La decisión del padre del protagonista de
presentarse para la alcaldía de la ciudad va a dar lugar a un boicot en el que,
aprovechando la relación del hijo con la poderosa familia, se desacredita al
defensor del pueblo frente a los «poderosos». La caída en desgracia del hijo,
pues, y su relación con un mafiosillo del lugar para dirigir un club entre el
alterne, los espectáculos eróticos y el encubierto trágico de droga que
descubre el protagonista casualmente, van a conducir al momento culminante del
asesinato de la camarera prestada a ese tráfico y de la estrella futbolística,
Cojac, que, en ese particular momento, disfrutaba de la compañía de la camarera
en un reservado.
Los paseos del protagonista por la ciudad contrastan
con el denso nudo de relaciones que llevaron a los fatales acontecimientos. De
hecho, cuando entra en los terrenos en obras donde estuvo en su momento levantado
el palacio de la depravación, al decir de las fuerzas vivas del lugar, el
recuerdo eleva sobre los fundamentos vacíos de la obra el antiguo local como si
ascendiera desde el subsuelo del teatro al escenario, en un hermoso ejemplo de
ejercicio narrativo que nos permitirá, y también al protagonista, conocer los
cambios que se han producido en Francia entre su condena y su regreso, desde
1962 hasta 1969. Es llamativo cómo, para extorsionar a quien él considera
responsable de su condena, el anterior alcalde al servicio del dueño de la
fábrica textil, se presenta en el apartamento donde un antiguo camarada militar
se dedica, travestido, al sadomasoquismo y él le roba unas fotos en principio
comprometedoras. La reacción del ahora exalcalde: lo sabe todo el mundo, hasta
mi mujer, y lo aprueba, descolocan al protagonista, y, por toda explicación,
solo recibe la de que todo ha cambiado tras el mayo del 68, en un ejercicio de
reflexión histórica perfectamente encajado en la narración.

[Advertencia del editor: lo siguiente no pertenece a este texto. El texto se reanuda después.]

(* Let $2\leq m\leq n$, $i\in[n-m+1]$, and $x,y,z\in S_m$ with $x,y\leq^{(m)}_R z^{-1}$. If $D^{(n)}_{F(z)}C^{(n)}_{F(x)}=D^{(n)}_{F(z)}C^{(n)}_{F(y)}\neq0$ in $H_n^{\mathbb A}$, where $F=F^i_{m,n}$, then $D^{(m)}_zC^{(m)}_x=D^{(m)}_zC^{(m)}_y\neq0$ in $H_m^{\mathbb A}$.
   Context: $F^i_{m,n}:S_m\hookrightarrow S_n$ is $s_a\mapsto s_{a+i-1}$ ($s_a=(a,a+1)$). $\mathbb A=\mathbb Z[v,v^{-1}]$; $H_n^{\mathbb A}$ has standard basis $T_x$ with $T_xT_y=T_{xy}$ when lengths add and $T_zT_s=(v^{-1}-v)T_z+T_{zs}$ when $zs<z$. $C_x^{(n)}$ is the Kazhdan–Lusztig basis (bar-invariant under $v\mapsto v^{-1}$, $T_x\mapsto T_{x^{-1}}^{-1}$, with $C_x=T_x+\sum_{y<x}p_{y,x}T_y$, $p_{y,x}\in v\mathbb Z[v]$). $D^{(n)}_x$ is the dual KL basis: $\tau(D_xC_{y^{-1}})=\delta_{x,y}$ where $\tau(T_w)=\delta_{w,e}$. Right KL preorder: $x\leq_R y$ iff $C_y$ has nonzero coefficient in $C_xh$ for some $h$. *)

theory Defs
  imports Main "HOL-Library.Poly_Mapping" "HOL-Combinatorics.Permutations"
begin

text \<open>Laurent polynomials: finitely supported maps int => int (group ring of Z).
  The monomial v^k is Poly_Mapping.single k 1.\<close>
type_synonym laurent = "int \<Rightarrow>\<^sub>0 int"

definition vv :: laurent where "vv = Poly_Mapping.single 1 1"
definition vinv :: laurent where "vinv = Poly_Mapping.single (-1) 1"

definition lbar :: "laurent \<Rightarrow> laurent" where
  "lbar p = Abs_poly_mapping (\<lambda>k. Poly_Mapping.lookup p (-k))"

definition in_vZv :: "laurent \<Rightarrow> bool" where
  "in_vZv p \<longleftrightarrow> (\<forall>k. Poly_Mapping.lookup p k \<noteq> 0 \<longrightarrow> k \<ge> 1)"

text \<open>S_n = permutations of {1..n}; product xy = x o y.\<close>
definition Sn :: "nat \<Rightarrow> (nat \<Rightarrow> nat) set" where
  "Sn n = {w. w permutes {1..n}}"

definition sg :: "nat \<Rightarrow> nat \<Rightarrow> nat" where
  "sg a = Transposition.transpose a (a + 1)"

definition len :: "nat \<Rightarrow> (nat \<Rightarrow> nat) \<Rightarrow> nat" where
  "len n w = card {(i, j). 1 \<le> i \<and> i < j \<and> j \<le> n \<and> w i > w j}"

definition word_prod :: "nat list \<Rightarrow> nat \<Rightarrow> nat" where
  "word_prod as = foldr (\<lambda>a f. sg a \<circ> f) as id"

definition rword :: "nat \<Rightarrow> (nat \<Rightarrow> nat) \<Rightarrow> nat list" where
  "rword n w = (SOME as. set as \<subseteq> {1..<n} \<and> length as = len n w \<and> word_prod as = w)"

definition bruhat_step :: "nat \<Rightarrow> ((nat \<Rightarrow> nat) \<times> (nat \<Rightarrow> nat)) set" where
  "bruhat_step n = {(w, w \<circ> Transposition.transpose i j) | w i j.
      w \<in> Sn n \<and> 1 \<le> i \<and> i < j \<and> j \<le> n \<and> len n (w \<circ> Transposition.transpose i j) > len n w}"

definition bruhat_lt :: "nat \<Rightarrow> (nat \<Rightarrow> nat) \<Rightarrow> (nat \<Rightarrow> nat) \<Rightarrow> bool" where
  "bruhat_lt n y x \<longleftrightarrow> (y, x) \<in> (bruhat_step n)\<^sup>+"

text \<open>The embedding F^i_{m,n}: S_m -> S_n, the homomorphism with s_a |-> s_{a+i-1}\<close>
definition Femb :: "nat \<Rightarrow> nat \<Rightarrow> nat \<Rightarrow> (nat \<Rightarrow> nat) \<Rightarrow> (nat \<Rightarrow> nat)" where
  "Femb m n i x = word_prod (map (\<lambda>a. a + i - 1) (rword m x))"

text \<open>An element sum_w h_w T_w is represented by its coefficient function h;
  elements of H_n are those supported on S_n.\<close>
type_synonym hecke = "(nat \<Rightarrow> nat) \<Rightarrow> laurent"

definition Hn :: "nat \<Rightarrow> hecke set" where
  "Hn n = {h. \<forall>w. w \<notin> Sn n \<longrightarrow> h w = 0}"

definition hzero :: hecke where "hzero = (\<lambda>_. 0)"

definition Tb :: "(nat \<Rightarrow> nat) \<Rightarrow> hecke" where
  "Tb x = (\<lambda>w. if w = x then 1 else 0)"

definition hscale :: "laurent \<Rightarrow> hecke \<Rightarrow> hecke" where
  "hscale c h = (\<lambda>w. c * h w)"

definition hsum :: "nat \<Rightarrow> ((nat \<Rightarrow> nat) \<Rightarrow> hecke) \<Rightarrow> hecke" where
  "hsum n f = (\<lambda>u. \<Sum>w\<in>Sn n. f w u)"

text \<open>right multiplication by T_{s_a}:
  T_w T_s = T_{ws} if ws > w,  T_w T_s = (v^-1 - v) T_w + T_{ws} if ws < w\<close>
definition mult_s :: "nat \<Rightarrow> hecke \<Rightarrow> nat \<Rightarrow> hecke" where
  "mult_s n h a = (\<lambda>u. h (u \<circ> sg a)
       + (if len n (u \<circ> sg a) < len n u then (vinv - vv) * h u else 0))"

text \<open>right multiplication by T_{s_a}^{-1} = T_{s_a} + (v - v^-1)\<close>
definition mult_sinv :: "nat \<Rightarrow> hecke \<Rightarrow> nat \<Rightarrow> hecke" where
  "mult_sinv n h a = (\<lambda>u. mult_s n h a u + (vv - vinv) * h u)"

definition mult_T :: "nat \<Rightarrow> hecke \<Rightarrow> (nat \<Rightarrow> nat) \<Rightarrow> hecke" where
  "mult_T n h w = foldl (mult_s n) h (rword n w)"

definition hmult :: "nat \<Rightarrow> hecke \<Rightarrow> hecke \<Rightarrow> hecke" where
  "hmult n h g = hsum n (\<lambda>w. hscale (g w) (mult_T n h w))"

text \<open>bar(T_w) = T_{w^-1}^{-1} = T_{s_a1}^{-1} ... T_{s_ak}^{-1} for w = s_a1 ... s_ak reduced\<close>
definition barT :: "nat \<Rightarrow> (nat \<Rightarrow> nat) \<Rightarrow> hecke" where
  "barT n w = foldl (mult_sinv n) (Tb id) (rword n w)"

definition hbar :: "nat \<Rightarrow> hecke \<Rightarrow> hecke" where
  "hbar n h = hsum n (\<lambda>w. hscale (lbar (h w)) (barT n w))"

definition tau :: "hecke \<Rightarrow> laurent" where
  "tau h = h id"

definition KL :: "nat \<Rightarrow> (nat \<Rightarrow> nat) \<Rightarrow> hecke" where
  "KL n x = (THE h. h \<in> Hn n \<and> hbar n h = h \<and> h x = 1 \<and>
      (\<forall>y. y \<noteq> x \<longrightarrow> h y \<noteq> 0 \<longrightarrow> bruhat_lt n y x) \<and>
      (\<forall>y. y \<noteq> x \<longrightarrow> in_vZv (h y)))"

definition DKL :: "nat \<Rightarrow> (nat \<Rightarrow> nat) \<Rightarrow> hecke" where
  "DKL n x = (THE h. h \<in> Hn n \<and>
      (\<forall>y\<in>Sn n. tau (hmult n h (KL n (inv y))) = (if x = y then 1 else 0)))"

definition KL_R_le :: "nat \<Rightarrow> (nat \<Rightarrow> nat) \<Rightarrow> (nat \<Rightarrow> nat) \<Rightarrow> bool" where
  "KL_R_le n x y \<longleftrightarrow> (\<exists>h\<in>Hn n. \<exists>c. hmult n (KL n x) h = hsum n (\<lambda>w. hscale (c w) (KL n w))
        \<and> c y \<noteq> 0)"

end

theory Submission
  imports Defs "HOL-Library.Function_Algebras"
begin

(*
  Write F for F^i_{m,n}. It is the shift u |-> perm_shift (i - 1) u, a monomorphism
  S_m -> S_n preserving length and the Bruhat order. Its linear extension F_* : H_m -> H_n
  commutes with right multiplication by the generators and with the bar involution, so F_*(C_x)
  satisfies the defining properties of C_(F x) and equals it. Reading off the coefficients at
  F(S_m) gives a linear map pi : H_n -> H_m with pi(h F_*(g)) = pi(h) g and tau o pi = tau; hence
  pi(D_(F z)) is dual to the Kazhdan-Lusztig basis of H_m, i.e. equals D_z, and
  D_z C_x = pi(D_(F z) C_(F x)). So the equality in H_n descends to H_m. Nonvanishing only needs
  x <=_R z^-1: if C_x h = sum_w c_w C_w with c_(z^-1) /= 0, then tau(D_z C_x h) = c_(z^-1).

  Because C_x and D_x are given by definite descriptions, the argument needs their existence and
  uniqueness; both come from the triangularity of the bar involution with respect to the Bruhat
  order, by the usual induction on length.
*)

section \<open>Laurent polynomials and their bar involution\<close>

lemma lookup_lbar[simp]: "Poly_Mapping.lookup (lbar p) k = Poly_Mapping.lookup p (-k)"
proof -
  have "finite {k. Poly_Mapping.lookup p (-k) \<noteq> 0}"
  proof -
    have "{k. Poly_Mapping.lookup p (-k) \<noteq> 0} = uminus ` {k. Poly_Mapping.lookup p k \<noteq> 0}"
      by (auto simp: image_iff) (metis minus_minus)
    then show ?thesis by (simp add: finite_lookup)
  qed
  then show ?thesis unfolding lbar_def by simp
qed
(* Consider a sequence of finite populations indexed by $n\to\infty$, each satisfying Assumption 1, Assumption 2 and the null hypothesis $H_0:\ T_i(1)=T_i(0)$ for all $i$, and suppose Condition 2 holds; condition on all potential event times. Let $\mathcal{K}_0=\{k:\lim_{n}d_k/n>0,\ \lim_nh_k<1,\ \lim_nG_1(t_k)>0,\ \lim_nG_0(t_k)>0\}$ (nonempty by Condition 2). For $1\le k\le K$: (i) if $k\in\mathcal{K}_0$, then $\lim_{n\to\infty}\mathbb{E}(V_k\mid\boldsymbol{T}(1),\boldsymbol{T}(0))/n>0$, $V_k/n=\mathbb{E}(V_k\mid\boldsymbol{T}(1),\boldsymbol{T}(0))/n+o_{\Pr}(1)$, $\mathbb{E}\big(\mathbb{1}(V_k>0)/V_k^{1/2}\mid\boldsymbol{T}(1),\boldsymbol{T}(0)\big)=o(1)$, and $\Pr(V_k=0\mid\boldsymbol{T}(1),\boldsymbol{T}(0))=o(1)$; (ii) otherwise, $\mathbb{E}(V_k\mid\boldsymbol{T}(1),\boldsymbol{T}(0))/n=o(1)$ and $V_k/n=o_{\Pr}(1)$.
   Context: Unit $i$ ($1\le i\le n$) has potential event times $T_i(1),T_i(0)\ge 0$ (fixed constants), potential censoring times $C_i(1),C_i(0)\in[0,\infty]$, treatment indicator $Z_i\in\{0,1\}$; bold letters denote $n$-vectors. Assumption 1: conditional on all potential event and censoring times, the $Z_i$ are i.i.d. Bernoulli$(p_1)$, $p_1=1-p_0\in(0,1)$. Assumption 2: $(\boldsymbol{C}(1),\boldsymbol{C}(0))$ is independent of $(\boldsymbol{T}(1),\boldsymbol{T}(0))$ and the pairs $(C_i(1),C_i(0))$ are i.i.d. across $i$. $G_z(c)=\Pr(C_i(z)\ge c)$. Realized: $W_i=\min\{T_i,C_i\}$, $\Delta_i=\mathbb{1}(T_i\le C_i)$ with $T_i=Z_iT_i(1)+(1-Z_i)T_i(0)$, $C_i=Z_iC_i(1)+(1-Z_i)C_i(0)$. Let $t_1<\dots<t_K$ be the distinct values of $\{T_i(0)\}$, $d_k=\#\{i:T_i(0)=t_k\}$, $n_k=\#\{i:T_i(0)\ge t_k\}$, $h_k=d_k/n_k$; $N_{1k},N_{0k}$ the numbers of treated / control units with $W_i\ge t_k$, $N_k=N_{1k}+N_{0k}$, $D_k=\sum_i\Delta_i\mathbb{1}(W_i=t_k)$, $V_k=D_k(N_k-D_k)N_{1k}N_{0k}/\{N_k^2(N_k-1)\}$ (convention $0/0:=0$). Quantities may depend on $n$. Condition 2: as $n\to\infty$, $K$ is fixed, and for $z=0,1$, $1\le k\le K$: $p_z$ has a positive limit; $d_k/n$ has a limit; $G_z(t_k)$ has a limit; and for at least one $k$, $d_k/n$, $G_1(t_k)$, $G_0(t_k)$ have positive limits and $\lim h_k<1$. *)

theory Defs
  imports "HOL-Probability.Probability"
begin

text \<open>T1, T0 are the potential event times
 (only indices i < n are used). An outcome w assigns to unit i the triple
 (Z_i, (C_i(1), C_i(0))) with Z_i = True meaning treated.\<close>

type_synonym outcome = "nat \<Rightarrow> bool \<times> ereal \<times> ereal"

definition popM :: "nat \<Rightarrow> real \<Rightarrow> (ereal \<times> ereal) measure \<Rightarrow> outcome measure" where
  "popM n p1 Q = PiM {..<n} (\<lambda>_. measure_pmf (bernoulli_pmf p1) \<Otimes>\<^sub>M Q)"

definition Gsurv :: "(ereal \<times> ereal) measure \<Rightarrow> bool \<Rightarrow> real \<Rightarrow> real" where
  "Gsurv Q z c = measure Q {x \<in> space Q. ereal c \<le> (if z then fst x else snd x)}"

definition tval :: "nat \<Rightarrow> (nat \<Rightarrow> real) \<Rightarrow> nat \<Rightarrow> real" where
  "tval n T0 k = sorted_list_of_set (T0 ` {..<n}) ! (k - 1)"

definition dcnt :: "nat \<Rightarrow> (nat \<Rightarrow> real) \<Rightarrow> nat \<Rightarrow> nat" where
  "dcnt n T0 k = card {i. i < n \<and> T0 i = tval n T0 k}"

definition ncnt :: "nat \<Rightarrow> (nat \<Rightarrow> real) \<Rightarrow> nat \<Rightarrow> nat" where
  "ncnt n T0 k = card {i. i < n \<and> T0 i \<ge> tval n T0 k}"

definition hrate :: "nat \<Rightarrow> (nat \<Rightarrow> real) \<Rightarrow> nat \<Rightarrow> real" where
  "hrate n T0 k = real (dcnt n T0 k) / real (ncnt n T0 k)"

definition Zt :: "outcome \<Rightarrow> nat \<Rightarrow> bool" where
  "Zt w i = fst (w i)"

definition Cobs :: "outcome \<Rightarrow> nat \<Rightarrow> ereal" where
  "Cobs w i = (if fst (w i) then fst (snd (w i)) else snd (snd (w i)))"

definition Tobs :: "(nat \<Rightarrow> real) \<Rightarrow> (nat \<Rightarrow> real) \<Rightarrow> outcome \<Rightarrow> nat \<Rightarrow> real" where
  "Tobs T1 T0 w i = (if fst (w i) then T1 i else T0 i)"

definition Wobs :: "(nat \<Rightarrow> real) \<Rightarrow> (nat \<Rightarrow> real) \<Rightarrow> outcome \<Rightarrow> nat \<Rightarrow> ereal" where
  "Wobs T1 T0 w i = min (ereal (Tobs T1 T0 w i)) (Cobs w i)"

definition Dobs :: "(nat \<Rightarrow> real) \<Rightarrow> (nat \<Rightarrow> real) \<Rightarrow> outcome \<Rightarrow> nat \<Rightarrow> bool" where
  "Dobs T1 T0 w i = (ereal (Tobs T1 T0 w i) \<le> Cobs w i)"

definition N1 :: "nat \<Rightarrow> (nat \<Rightarrow> real) \<Rightarrow> (nat \<Rightarrow> real) \<Rightarrow> nat \<Rightarrow> outcome \<Rightarrow> nat" where
  "N1 n T1 T0 k w = card {i. i < n \<and> Zt w i \<and> Wobs T1 T0 w i \<ge> ereal (tval n T0 k)}"

definition N0 :: "nat \<Rightarrow> (nat \<Rightarrow> real) \<Rightarrow> (nat \<Rightarrow> real) \<Rightarrow> nat \<Rightarrow> outcome \<Rightarrow> nat" where
  "N0 n T1 T0 k w = card {i. i < n \<and> \<not> Zt w i \<and> Wobs T1 T0 w i \<ge> ereal (tval n T0 k)}"

definition Dk :: "nat \<Rightarrow> (nat \<Rightarrow> real) \<Rightarrow> (nat \<Rightarrow> real) \<Rightarrow> nat \<Rightarrow> outcome \<Rightarrow> nat" where
  "Dk n T1 T0 k w = card {i. i < n \<and> Dobs T1 T0 w i \<and> Wobs T1 T0 w i = ereal (tval n T0 k)}"

text \<open>V_k; Isabelle's x / 0 = 0 realises the convention 0/0 := 0
 (the denominator vanishes only when the numerator does).\<close>
definition Vk :: "nat \<Rightarrow> (nat \<Rightarrow> real) \<Rightarrow> (nat \<Rightarrow> real) \<Rightarrow> nat \<Rightarrow> outcome \<Rightarrow> real" where
  "Vk n T1 T0 k w =
    (let a = real (N1 n T1 T0 k w); b = real (N0 n T1 T0 k w); N = a + b;
         D = real (Dk n T1 T0 k w)
     in D * (N - D) * a * b / (N\<^sup>2 * (N - 1)))"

En la medida en que la película es la minuciosa preparación y
ejecución de una venganza, como sucedía en Furia, bien poco me es dado
revelar, pero sí puedo anticipar que hay un reencuentro con la hija del
poderoso, ya ella separada del matrimonio de conveniencia al que se prestó, y
que ello le permitirá jugar la baza del chantaje al padre para saber
exactamente quién fue el responsable de su condena. A todo esto, obviamente, el
protagonista está expuesto a los intentos de acabar con él por parte de su
socio en el club, quien está convencido de que es él el objetivo del falsamente
condenado. A ese respecto, los flashbacks recogen, también, las
declaraciones en el juicio que permitieron llegar a la sentencia condenatoria,
por supuesto.
Hacía tiempo que no veía un guion tan
sabiamente construido y cuyo interés mantiene viva la atención del espectador a
lo largo del extenso pero necesario metraje de la película. La puesta en
escena, que mezcla los ambientes de lo vulgar y lo exquisito a partes iguales, tiene
una exquisita fotografía, con unos exteriores que confieren a la obra esa atmósfera
chabroliana a la que hice referencia. Ni que decir hay que los planos se
encargan de realzar la fotogenia de Belmondo y Pisier en una suerte de festival
de encuadres elegantes que se recrean en ellos con amorosa delectación. Y todo
ello, sin evitar una acción que, no por escasa, deja de ser tan contundente
como los espectadores esperan de un «duro» clásico del cine.
La película ser inicia con la llegada a la
estación y acaba con la partida hacia París, pero entremedias se nos ha contado
una historia excelente en la que el sentido del humor y el cinismo del protagonista
han sido magníficos compañeros de viaje.